I'm using PyPDF2 to alter a PDF document (adding bookmarks). So I need to read in the entire source PDF, and write it out, keeping as much of the data intact as possible. Merely writing each page into a new PDF object may not be sufficient to preserve document metadata.
PdfFileWriter()
does have a number of methods for copying an entire file: cloneDocumentFromReader
, appendPagesFromReader
and cloneReaderDocumentRoot
. However, they all have problems.
If I use cloneDocumentFromReader
or appendPagesFromReader
, I get a valid PDF file, with the correct number of pages, but all pages are blank.
If I use cloneReaderDocumentRoot
, I get a minimal valid PDF file, but with no pages or data.
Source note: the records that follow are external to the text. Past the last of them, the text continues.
(* For integers $d \ge 1$ and $n \ge 0$ define $$\widehat{\mathcal{I}}_{d,n} := n^d \int_{[0,1)^d} \Big[\prod_{j=1}^d (1-x_j)\Big]^{d-1} \exp\Big[-n \prod_{j=1}^d (1-x_j)\Big] \, dx_1\cdots dx_d.$$ Then for fixed $d$, as $n \to \infty$, $$\widehat{\mathcal{I}}_{d,n} = (\ln n)^{d-1} \sum_{j=0}^{d-1} \frac{(-1)^j \Gamma^{(j)}(d)}{j!\,(d-1-j)!} (\ln n)^{-j} + O\big((n \ln n)^{d-1} e^{-n}\big),$$ where $\Gamma^{(j)}$ denotes the $j$-th derivative of the Gamma function. *)

theory Defs
  imports "HOL-Analysis.Analysis" "HOL-Library.Landau_Symbols"
begin

definition Ihat :: "'d::finite itself \<Rightarrow> nat \<Rightarrow> real" where
  "Ihat _ n = real n ^ CARD('d) *
     integral {x :: real^'d. \<forall>i. 0 \<le> x $ i \<and> x $ i < 1}
       (\<lambda>x. (\<Prod>i\<in>UNIV. 1 - x $ i) ^ (CARD('d) - 1) *
            exp (- real n * (\<Prod>i\<in>UNIV. 1 - x $ i)))"

end

theory Submission
  imports Defs
begin

text \<open>If x is uniformly distributed on [0,1)^d, then u = \<Prod>(1 - x_i) has density
  (-ln u)^(d-1)/(d-1)! on (0,1], and the substitution t = n u turns \<widehat>I_{d,n} into the
  integral of t^(d-1) e^(-t) (ln n - ln t)^(d-1)/(d-1)! over (0,n]. Over all of (0,\<infinity>) the
  binomial theorem evaluates this integral exactly to the asserted sum, because differentiation
  under the integral sign gives \<Gamma>^(j)(d) = \<integral>_0^\<infinity> (ln t)^j t^(d-1) e^(-t) dt.
  On (n,\<infinity>) one has t (ln t - ln n) \<le> (1 + t - n)^2, so that part is O(e^(-n)).\<close>

section \<open>Derivatives of the Gamma function as integrals\<close>

lemma power_div_fact_le_exp:
  fixes y :: real assumes "0 \<le> y" shows "y ^ k / fact k \<le> exp y"
proof -
  have s: "(\<lambda>n. y^n /\<^sub>R fact n) sums exp y" by (rule exp_converges)
  have "sum (\<lambda>n. y^n /\<^sub>R fact n) {k} \<le> suminf (\<lambda>n. y^n /\<^sub>R fact n)"
    by (rule sum_le_suminf) (use s assms in \<open>auto simp: sums_iff\<close>)
  thus ?thesis using s by (simp add: sums_iff divide_inverse mult.commute)
qed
This has been asked before, but with no successful answers. Other questions have asked about Blank pages in PyPDF2, but I can't apply the answer given.
Here's my code:
def bookmark(incomingFile):
reader = PdfFileReader(incomingFile)
writer = PdfFileWriter()
writer.appendPagesFromReader(reader)
#writer.cloneDocumentFromReader(reader)
my_table_of_contents = [
('Page 1', 0),
('Page 2', 1),
('Page 3', 2)
]
# writer.addBookmark(title, pagenum, parent=None, color=None, bold=False, italic=False, fit='/Fit')
for title, pagenum in my_table_of_contents:
writer.addBookmark(title, pagenum, parent=None)
writer.setPageMode("/UseOutlines")
with open(incomingFile, "wb") as fp:
writer.write(fp)
I tend to get errors when PyPDF2 can't add a bookmark to the PdfFileWriter object, because it doesn't have any pages, or similar.